FIG. 3 is a block diagram indicating the electronic subassemblies and mail-flow associated with complete singulation. Three singulation stages, or stations 10a, 10b and 10c, are indicated. The singulation performed in each station is under the control of a pair of photocell assemblies, for example, photocell assemblies 16a and 16b provide input signals to the control logic circuit of stage 10b. The logic on the other hand applies a signal to the roller stepper motor (26 in this case) to control its operation. The output mail stream from the third and last singulation stage is delivered to the succeeding processing equipment 22.
FIG. 4 is a flow diagram illustrating the control sequences associated with the second singulation stage 10b which is typical of all three stages. FIG. 5 is a logic circuit diagram applicable to each of the singulation stages, representing the "control logic" of FIG. 3 and implementing the flow diagram of FIG. 4.
In the description which follows, reference may be made to both FIGS. 4 and 5, the former for general operation, the latter for specific details.
Considering the operation of the second singulation stage 10b, it has been observed hereinbefore that photocell assembly 16b is used to detect the need for mail from roller 16. Photocell assembly 16a, on the other hand, is used in discriminating between single and multiple pieces of mail above roller 16.

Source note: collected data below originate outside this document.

lemma det_vandermonde_nonzero:
  fixes Y :: "nat \<Rightarrow> 'a::field"
  assumes inj: "inj_on Y {..<k}"
  shows "det (mat k k (\<lambda>(a, j). Y a ^ (k-1-j))) \<noteq> 0"
proof
  let ?M = "mat k k (\<lambda>(a, j). Y a ^ (k-1-j))"
  assume "det ?M = 0"
  then obtain v where v: "v \<in> carrier_vec k" "v \<noteq> 0\<^sub>v k" "?M *\<^sub>v v = 0\<^sub>v k"
    using det_0_iff_vec_prod_zero_field[of ?M k] by auto
  define p where "p = (\<Sum>j<k. monom (v $ j) (k-1-j))"
  have root: "poly p (Y a) = 0" if a: "a < k" for a
  proof -
    have "(?M *\<^sub>v v) $ a = 0" using v(3) a by simp
    then show ?thesis
      using a v(1) unfolding p_def
      by (simp add: scalar_prod_def poly_sum poly_monom atLeast0LessThan mult.commute)
  qed
  obtain j where j: "j < k" "v $ j \<noteq> 0" using v(1,2) by (metis eq_vecI carrier_vecD index_zero_vec(1,2))
  have "coeff p (k-1-j) = (\<Sum>j'<k. if j' = j then v $ j' else 0)"
    unfolding p_def coeff_sum using j by (intro sum.cong refl) (auto simp: coeff_monom)
  with j have p0: "p \<noteq> 0" by auto
  have deg: "degree p \<le> k - 1" unfolding p_def
    by (rule degree_sum_le) (auto intro: order.trans[OF degree_monom_le])
  have "k = card (Y ` {..<k})" using card_image[OF inj] by simp
  also have "\<dots> \<le> card {x. poly p x = 0}"
    using root by (intro card_mono poly_roots_finite p0) auto
  also have "\<dots> \<le> degree p" by (rule poly_roots_degree[OF p0])
  finally show False using deg j by simp
qed

section \<open>Schur alternants at roots of \<open>(-1)\<^sup>k\<^sup>-\<^sup>1\<close> are eigenvectors\<close>

definition shifted_exponents :: "nat \<Rightarrow> nat list \<Rightarrow> nat \<Rightarrow> int" where
  "shifted_exponents k mu j = int (mu!j) + int (k - 1 - j)"

definition schur_alternant :: "nat \<Rightarrow> (nat \<Rightarrow> 'a::field) \<Rightarrow> nat list \<Rightarrow> 'a" where
  "schur_alternant k Y mu = alternant k Y (shifted_exponents k mu)"

lemma alternant_lower_removable:
  assumes "length mu = k" and j: "j \<in> removable_rows k mu"
  shows "alternant k Y ((shifted_exponents k mu)(j := shifted_exponents k mu j - 1))
           = schur_alternant k Y (remove_box mu j)"
  unfolding schur_alternant_def
  by (rule alternant_cong) (use assms in \<open>auto simp: shifted_exponents_def remove_box_nth
      removable_rows_def of_nat_diff\<close>)

lemma alternant_lower_blocked:
  assumes mu: "mu \<in> box_parts k n" and j: "j \<notin> removable_rows k mu" "Suc j < k"
  shows "alternant k Y ((shifted_exponents k mu)(j := shifted_exponents k mu j - 1)) = 0"
proof (rule alternant_eq_0_if_equal_exponents[of j "Suc j"])
  have "mu!(Suc j) \<le> mu!j" using box_parts_nth_antimono[OF mu, of j "Suc j"] j by simp
  moreover have "mu!j = 0 \<or> mu!(Suc j) = mu!j" using j calculation by (auto simp: removable_rows_def)
  moreover have "int (k - 1 - j) = int (k - 1 - Suc j) + 1" using j by simp
  ultimately show "((shifted_exponents k mu)(j := shifted_exponents k mu j - 1)) j
      = ((shifted_exponents k mu)(j := shifted_exponents k mu j - 1)) (Suc j)"
    unfolding shifted_exponents_def by auto
qed (use j in auto)

lemma alternant_lower_last:
  fixes Y :: "nat \<Rightarrow> 'a::field"
  assumes mu: "mu \<in> box_parts k n" and last0: "mu!(k-1) = 0" and k: "0 < k" "k < n"
    and roots: "\<And>a. a < k \<Longrightarrow> Y a ^ n = (-1)^(k-1)"
  shows "alternant k Y ((shifted_exponents k mu)(k-1 := shifted_exponents k mu (k-1) - 1))
           = (if is_star k n mu then schur_alternant k Y (unstar k n mu) else 0)"
proof -
  let ?e = "shifted_exponents k mu"
  define rotated where "rotated = (\<lambda>j. if j = 0 then int (n-1) else ?e (j-1))"
  have "alternant k Y (?e(k-1 := ?e (k-1) - 1))
      = alternant k Y (\<lambda>j. if j = 0 then int (n-1) else (?e(k-1 := ?e (k-1) - 1)) (j-1))"
    by (rule alternant_wrap_exponent[OF _ _ roots]) (use k last0 in \<open>simp_all add: shifted_exponents_def\<close>)
  also have "\<dots> = alternant k Y rotated"
    unfolding rotated_def by (rule alternant_cong) auto
  finally have lowered: "alternant k Y (?e(k-1 := ?e (k-1) - 1)) = alternant k Y rotated" .
  show ?thesis
  proof (cases "is_star k n mu")
    case True
    have "alternant k Y rotated = schur_alternant k Y (unstar k n mu)"
      unfolding schur_alternant_def using box_parts_length[OF mu] k
      by (intro alternant_cong) (auto simp: rotated_def shifted_exponents_def unstar_nth of_nat_diff)
    with True lowered show ?thesis by simp
  next
    case False
    have "mu!0 \<le> n - k" using mu k unfolding box_parts_iff by simp
    with False last0 have "mu!0 = n - k" unfolding is_star_def by simp
    with last0 k have "k \<noteq> 1" by auto
    have "alternant k Y rotated = 0"
      by (rule alternant_eq_0_if_equal_exponents[of 0 1])
        (use k \<open>k \<noteq> 1\<close> \<open>mu!0 = n - k\<close> in \<open>auto simp: rotated_def shifted_exponents_def\<close>)
    with False lowered show ?thesis by simp
  qed
qed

In order to initiate a feed cycle from roller 16, it is assumed that photocell 16b which was formerly dark, that is, covered by a document parked at roller 18 of the third singulation stage 10c, has gone light as the last mentioned document is removed by roller 18. A signal corresponding to the dark-to-light transition of photocell assembly 16b is applied to and triggers single-shot 32. Another single-shot 34 is unaffected since it triggers only on signals derived from light-to-dark transitions in photocell assembly 16b. The output pulse of single-shot 32 is applied via line 36 to OR gate 38, the output of which appears on the SET terminal of motor control flip-flop 40. This action energizes solid-state relay 42 to apply AC line voltage to roller motor 26, thereby turning it on. Concurrently, the output pulse from single-shot 32 is applied via line 44 to the START terminal of clock counter 46. As will be noted hereinafter, the clock counter had been previously RESET by the action of photocell assembly 16b in the last singulation cycle. Thus, the clock counter 46 starts to run when photocell assembly 16b indicates that the trailing edge of a mail piece leaving station 10b has been detected. The clock counter provides distinct output pulses on lines 48 and 50 indicative of two time periods, "T" and "T plus delta t". The first of these represents the time elapsed for the stepper motor 26 to turn roller 16 through 90 degrees. The other output pulse occurs at the end of "T" plus a dwell period, "delta t".
It will first be assumed that while motor 26 is turning through 90 degrees, a document moves off roller 16 and momentarily causes photocell assembly 16a to go from light to dark, as it falls down the slide toward roller 18. The light-to-dark transition signal from photocell assembly 16a triggers single-shot 52 which in turn is applied on line 54 and via OR gate 56 to the RESET terminal of flip-flop 40. This action de-energizes relay 42, stopping motor 26. The output pulse from single-shot 52 also sets via line 58 a second flip-flop 60, which had been placed in the RESET state during the last singulation cycle. The operation of flip-flop 60 will become apparent hereinafter. At this time, the detection of a document by photocell assembly 16a has resulted in a complete cycle, since it is assumed that the document has been delivered to roller 18.
If during the 90 degree rotation of roller 16, photocell assembly 16a had not detected a document, the operation would have been as follows.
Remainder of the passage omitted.